✐ 02.

440 74 6
                                    

Saat ini, Taehyung berada di depan pintu kediaman Jungkook. Hendaknya akan mengetuk pintu juga memberi salam bagi sang penghuni rumah, lamun Jungkook sudah membukanya lebih dahulu dengan wajah datar biasa memandang Taehyung.




Eh, Kecilku. Udah selesai siap-siapnya?” Jungkook menggerlingkan matanya malas. “Belum, nih. Masih tidur.” Matanya sedikit membelalak saat mengucapkan kata tidur. Ya, memang siapa yang tidak sebal saat diberi pertanyaan retorik? Pemuda manis itu menjadi salah satunya.




Taehyung terkikih, kemudian meminta Jungkook agar tidak menghalangi jalannya untuk masuk ke dalam. Ia mengerti sopan santun, juga untuk menjaga tali silahturahmi antar kedua belah pihak yang berbeda. “Cil, Bunda mana?” tanyanya saat hampir tidak bisa menemukan entitas yang dimaksud.




Menoleh ke arah sahabatnya, “Di dap—itu,” sosok yang dicari-carinya keluar dari dapur disertai senyum keibuan yang selalu disegani Taehyung. Bunda Jungkook—sembari membawa mangkok nasi, berjalan ke arah meja makan guna diletakan. Setelah itu mendekati Taehyung yang sudah beliau anggap sebagai anaknya sendiri.




“Taehyung udah sarapan, Nak?”




“Udah, Bunda. Sekarang mau jemput si Kecil. Sebelumnya pengen salim Bunda dulu,” Bunda Jungkook menatap anaknya yang menunggu di ujung pintu dan anak dari temannya bergantian. Menyadari bagaimana pertumbuhan keduanya semakin membesar kian hari kehari, hatinya menghangat juga terharu sebab itu. Dulu masih mengemong salah satu diantara mereka secara bergantian, sekarang sudah beranjak menjadi remaja saja. Sampai Ia tidak sadar jika setahun lagi keduanya akan lulus sekolah.
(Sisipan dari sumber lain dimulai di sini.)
text \<open>Write \<open>[g, h] = g \<^sup>h(g\<^sup>-\<^sup>1)\<close> and compare the two expansions of \<open>g \<wedge> hm = g \<wedge> kh\<close>,
  where \<open>m = \<^sup>h\<^sup>-\<^sup>1k\<close>.\<close>

lemma wedge_gcomm_left:
  assumes g: "g \<in> carrier G" and h: "h \<in> carrier G" and k: "k \<in> carrier G"
  shows "wedge G (gcomm G g h) k = wedge G g h \<otimes>\<^bsub>E\<^esub> inv\<^bsub>E\<^esub> (ext_act G k (wedge G g h))"
proof -
  define s where "s = wedge G g h"
  define m where "m = gconj G (inv h) k"
  have s: "s \<in> carrier E" and m: "m \<in> carrier G"
    using assms by (simp_all add: s_def m_def)
  have "s \<otimes>\<^bsub>E\<^esub> ext_act G h (wedge G g m) = wedge G g (h \<otimes> m)"
    using assms m by (simp add: s_def wedge_mult_right)
  also have "h \<otimes> m = k \<otimes> h"
    using assms by (simp add: m_def group_word_simps)
  also have "wedge G g (k \<otimes> h) = wedge G g k \<otimes>\<^bsub>E\<^esub> ext_act G k s"
    using assms by (simp add: s_def wedge_mult_right)
  finally have hm: "ext_act G h (wedge G g m) = inv\<^bsub>E\<^esub> s \<otimes>\<^bsub>E\<^esub> (wedge G g k \<otimes>\<^bsub>E\<^esub> ext_act G k s)"
    using assms m s by (simp add: E.inv_solve_left)
  have "g \<otimes> h \<otimes> inv g = gcomm G g h \<otimes> h"
    using g h by (simp add: group_word_simps)
  then have "ext_act G (g \<otimes> h \<otimes> inv g) (wedge G g m)
      = ext_act G (gcomm G g h) (ext_act G h (wedge G g m))"
    using assms m by (simp add: ext_act_ext_act)
  also have "\<dots> = wedge G g k \<otimes>\<^bsub>E\<^esub> ext_act G k s \<otimes>\<^bsub>E\<^esub> inv\<^bsub>E\<^esub> s"
    using assms m s by (simp add: ext_act_gcomm hm s_def [symmetric] E.m_assoc)
  finally have conj: "ext_act G (g \<otimes> h \<otimes> inv g) (wedge G g m)
      = wedge G g k \<otimes>\<^bsub>E\<^esub> ext_act G k s \<otimes>\<^bsub>E\<^esub> inv\<^bsub>E\<^esub> s" .
  have "gcomm G g h = g \<otimes> gconj G h (inv g)"
    using g h by (simp add: group_word_simps)
  then have "wedge G (gcomm G g h) k
      = ext_act G g (wedge G (gconj G h (inv g)) k) \<otimes>\<^bsub>E\<^esub> wedge G g k"
    using assms by (simp add: wedge_mult_left)
  also have "wedge G (gconj G h (inv g)) k = ext_act G h (wedge G (inv g) m)"
    using assms by (simp add: m_def ext_act_wedge gconj_gconj_inv)
  also have "ext_act G g (ext_act G h (wedge G (inv g) m))
      = inv\<^bsub>E\<^esub> (ext_act G (g \<otimes> h \<otimes> inv g) (wedge G g m))"
    using assms m by (simp add: wedge_inv_left ext_act_inv ext_act_ext_act m_assoc)
  finally show ?thesis
    using assms m s by (simp add: conj E.inv_mult_group E.m_assoc s_def)
qed

lemma wedge_gcomm_right:
  "g \<in> carrier G \<Longrightarrow> h \<in> carrier G \<Longrightarrow> k \<in> carrier G \<Longrightarrow>
    wedge G k (gcomm G g h) = ext_act G k (wedge G g h) \<otimes>\<^bsub>E\<^esub> inv\<^bsub>E\<^esub> (wedge G g h)"
  by (simp add: wedge_swap [of "gcomm G g h" k] wedge_gcomm_left E.inv_mult_group)

lemma gcomm_wedge:
  assumes "a \<in> carrier G" "b \<in> carrier G" "c \<in> carrier G" "d \<in> carrier G"
  shows "gcomm E (wedge G a b) (wedge G c d) = wedge G (gcomm G a b) (gcomm G c d)"
  using assms by (simp add: gcomm_def [of E] wedge_gcomm_right ext_act_gcomm)

lemma wedge_in_center:
  assumes "a \<in> carrier G" "b \<in> carrier G" "gcomm G a b \<in> center G"
  shows "wedge G a b \<in> center E"
  using assms by (simp add: center_def wedge_mult_conj ext_act_center)

lemma wedge_center_gcomm:
  "z \<in> center G \<Longrightarrow> g \<in> carrier G \<Longrightarrow> h \<in> carrier G \<Longrightarrow> wedge G z (gcomm G g h) = \<one>\<^bsub>E\<^esub>"
  by (simp add: wedge_gcomm_right ext_act_center center_closed)

lemma wedge_pow_left:
  assumes "g \<in> carrier G" "h \<in> carrier G"
  shows "wedge G (g [^] n) h = twisted_pow E (ext_act G g) (wedge G g h) n"
proof (induction n)
  case 0
  then show ?case using assms by (simp add: wedge_one_left)
next
  case (Suc n)
  have "wedge G (g [^] Suc n) h = wedge G (g \<otimes> g [^] n) h"
    using assms by (simp only: nat_pow_Suc2)
  also have "\<dots> = ext_act G g (wedge G (g [^] n) h) \<otimes>\<^bsub>E\<^esub> wedge G g h"
    using assms by (simp add: wedge_mult_left)
  finally show ?case by (simp add: Suc.IH)
qed

end

section \<open>Groups of class 5\<close>

lemma (in group) class5_commutators:
  assumes lc: "lower_central G 5 = {\<one>}" and g: "g \<in> carrier G" and h: "h \<in> carrier G"
    and c1_def: "c1 = gcomm G g h" and c2_def: "c2 = gcomm G g c1" and c3_def: "c3 = gcomm G g c2"
    and c4_def: "c4 = gcomm G g c3"
  shows "c4 \<in> center G" "gcomm G g c4 = \<one>" "gcomm G c1 c2 \<in> center G" "gcomm G c1 c3 = \<one>"
proof -
  have c1: "c1 \<in> lower_central G 1"
    using gcomm_in_lower_central [OF g, of h 0] h by (simp add: c1_def)
  have c2: "c2 \<in> lower_central G 2"
    using gcomm_in_lower_central [OF g c1] by (simp add: c2_def numeral_2_eq_2)
  have c3: "c3 \<in> lower_central G 3"
    using gcomm_in_lower_central [OF g c2] by (simp add: c3_def eval_nat_numeral)
  have c4: "c4 \<in> lower_central G 4"
    using gcomm_in_lower_central [OF g c3] by (simp add: c4_def eval_nat_numeral)
  show "c4 \<in> center G"
    unfolding upper_central_1 [symmetric] using lower_central_subset_upper_central [of 4 1] lc c4
    by (auto simp del: lower_central.simps)
  show "gcomm G g c4 = \<one>"
    using gcomm_in_lower_central [OF g c4] lc
    by (simp add: eval_nat_numeral del: lower_central.simps)
  have "c2 \<in> upper_central G 3"
    using lower_central_subset_upper_central [of 2 3] lc c2 by (auto simp del: lower_central.simps)
  then have "c2 \<in> upper_central G (Suc (Suc 1))"
    by (simp only: numeral_3_eq_3 One_nat_def)
  then show "gcomm G c1 c2 \<in> center G"
    unfolding upper_central_1 [symmetric] c1_def using g h by (rule gcomm_gcomm_upper_central)
  have "c3 \<in> upper_central G 2"
    using lower_central_subset_upper_central [of 3 2] lc c3 by (auto simp del: lower_central.simps)
  then have "c3 \<in> upper_central G (Suc (Suc 0))"
    by (simp only: numeral_2_eq_2)
  then show "gcomm G c1 c3 = \<one>"
    using gcomm_gcomm_upper_central [of c3 0 g h] g h by (simp add: c1_def)
qed

context ext_square
begin

lemma twisted_binomial_wedge:
  assumes lc: "lower_central G 5 = {\<one>}" and g: "g \<in> carrier G" and h: "h \<in> carrier G"
    and c1_def: "c1 = gcomm G g h" and c2_def: "c2 = gcomm G g c1" and c3_def: "c3 = gcomm G g c2"
    and c4_def: "c4 = gcomm G g c3"
  shows "twisted_binomial E (ext_act G g) (wedge G g h) (wedge G g c1) (wedge G g c2)
    (wedge G g c3) (wedge G g c4) (wedge G c1 c2) (wedge G c1 c3)"
proof -
  note class5 = class5_commutators [OF lc g h c1_def c2_def c3_def c4_def]
  have c: "c1 \<in> carrier G" "c2 \<in> carrier G" "c3 \<in> carrier G" "c4 \<in> carrier G"
    using g h by (simp_all add: c1_def c2_def c3_def c4_def)
  have "c3 \<otimes> c1 = c1 \<otimes> c3"
    using class5(4) c by (simp add: gcomm_eq_one_iff)
  then have "gconj G c3 c1 = c1"
    using c by (simp add: gconj_def m_assoc)
  moreover have "gconj G c3 g = inv c4 \<otimes> g"
    using g c by (simp add: c4_def group_word_simps)
  ultimately have "ext_act G c3 (wedge G g c1) = wedge G (inv c4 \<otimes> g) c1"
    using c by (simp add: ext_act_wedge)
  also have "\<dots> = wedge G g c1"
    using g h c center_inv [OF class5(1)]
    by (simp add: wedge_mult_left ext_act_center c1_def wedge_center_gcomm)
  finally have "wedge G c3 c2 = \<one>\<^bsub>E\<^esub>"
    using g c by (simp add: c2_def wedge_gcomm_right)
  then have x1_x2: "gcomm E (wedge G g c1) (wedge G g c2) = \<one>\<^bsub>E\<^esub>"
    using g c by (simp add: gcomm_wedge c2_def [symmetric] c3_def [symmetric] wedge_swap [of c3 c2])
  show ?thesis
  proof
    show "ext_act G g (wedge G g c4) = wedge G g c4"
      using g c class5(2) by (simp add: ext_act_wedge_self wedge_one_right)
  qed (use g h c class5 x1_x2 in \<open>simp_all add: ext_act_group_hom ext_act_wedge_self
    wedge_in_center one_in_center gcomm_wedge c1_def c2_def c3_def c4_def\<close>)
qed

end

theorem theorem3p3:
  fixes G (structure) and g h :: 'a and n :: nat
  assumes "group G" and "nilpotent_of_class G 5"
    and "g \<in> carrier G" and "h \<in> carrier G"
  shows "wedge G (g [^] n) h =
     (wedge G (gcomm G g h) (gcomm G g (gcomm G g (gcomm G g h)))) [^]\<^bsub>exterior_square G\<^esub> (n choose 4)
     \<otimes>\<^bsub>exterior_square G\<^esub> (wedge G (gcomm G g h) (gcomm G g (gcomm G g h))) [^]\<^bsub>exterior_square G\<^esub> (n choose 3)
     \<otimes>\<^bsub>exterior_square G\<^esub> (wedge G g (gcomm G g (gcomm G g (gcomm G g (gcomm G g h))))) [^]\<^bsub>exterior_square G\<^esub> (n choose 5)
     \<otimes>\<^bsub>exterior_square G\<^esub> (wedge G g (gcomm G g (gcomm G g (gcomm G g h)))) [^]\<^bsub>exterior_square G\<^esub> (n choose 4)
     \<otimes>\<^bsub>exterior_square G\<^esub> (wedge G g (gcomm G g (gcomm G g h))) [^]\<^bsub>exterior_square G\<^esub> (n choose 3)
     \<otimes>\<^bsub>exterior_square G\<^esub> (wedge G g (gcomm G g h)) [^]\<^bsub>exterior_square G\<^esub> (n choose 2)
     \<otimes>\<^bsub>exterior_square G\<^esub> (wedge G g h) [^]\<^bsub>exterior_square G\<^esub> n"
proof -
  interpret ext_square G "exterior_square G"
    by (simp add: ext_square_def ext_square_axioms_def assms(1))
  have "lower_central G 5 = {\<one>}"
    using assms(2) by (simp add: nilpotent_of_class_def)
  then have "twisted_binomial (exterior_square G) (ext_act G g) (wedge G g h)
      (wedge G g (gcomm G g h)) (wedge G g (gcomm G g (gcomm G g h)))
      (wedge G g (gcomm G g (gcomm G g (gcomm G g h))))
      (wedge G g (gcomm G g (gcomm G g (gcomm G g (gcomm G g h)))))
      (wedge G (gcomm G g h) (gcomm G g (gcomm G g h)))
      (wedge G (gcomm G g h) (gcomm G g (gcomm G g (gcomm G g h))))"
    using assms(3,4) by (rule twisted_binomial_wedge) (rule HOL.refl)+
  then show ?thesis
    unfolding wedge_pow_left [OF assms(3,4)] by (rule twisted_binomial.twisted_pow_binomial)
qed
Wah, waktu berjalan begitu cepat.




“Yaudah. Kalian hati-hati, ya. Jangan nakal-nakal di sekolah.” Taehyung mengambil tangan Bunda Jungkook dan menciumnya. Mengiyakan perkataan beliau. Kemudian, berjalan keluar serata sebelah tangannya mengalung di leher Jungkook yang terkejut. Taehyung ini—aduh. Senang sekali bersikap spontan.




“Kamu jadi bawa motorku, Lay?” Taehyung mengangguk. Semalam, saat mereka melakukan perbincangan dalam sesi video call mereka, Taehyung berencana mengantar Jungkook memakai motor pemuda itu. Sebenarnya sekalian ingin mengambil motornya di bengkel Pak Herman, sebab koplingnya yang longgar dan perlu diganti. “Wow, aku dapat izin?”




Mendengus sedikit keras, mengambil helmnya yang diletakkan di atas bangku panjang di teras. Jungkook melempar kunci motor tersebut ke arah Taehyung yang segera sigap ditangkap. Tersenyum penuh kemenangan, membawa kakinya mendekati Jungkook. Dan tahu, apa selanjutnya yang pemuda selengean itu lakukan?




Menciumi pipinya.




Dan Jantung si Kecil hampir bertukar tempat dengan lambungnya.




Bohong, jika Jungkook terang-terangan bilang bahwa dirinya tidak tersipu. Bohong, jika Jungkook tidak ingin melempari pemuda tersebut dengan helm yang sedang digendongnya. Bohong besar—bila Ia mengatakan bahwa Ia tidak merasakan desiran aneh mengalir di venanya.




Taehyung bersamaan tingkahnya, mampu menjadikan Jungkook terbawa suasana yang selalu ditepis sekeras mungkin. Walau kadang tidak mampu mengendalikan emosinya.




Dan entah sejak kapan motornya sudah berada di luar pagar. “Kecil, ayo cepat! Kok, malah ngelamun? Nanti telat, loh,” mendengar seruan sahabatnya, Jungkook segera memakai helm, lalu menutup pintu pagar. Melompat kecil untuk naik ke jok belakang kendaraan mesin beroda dua itu.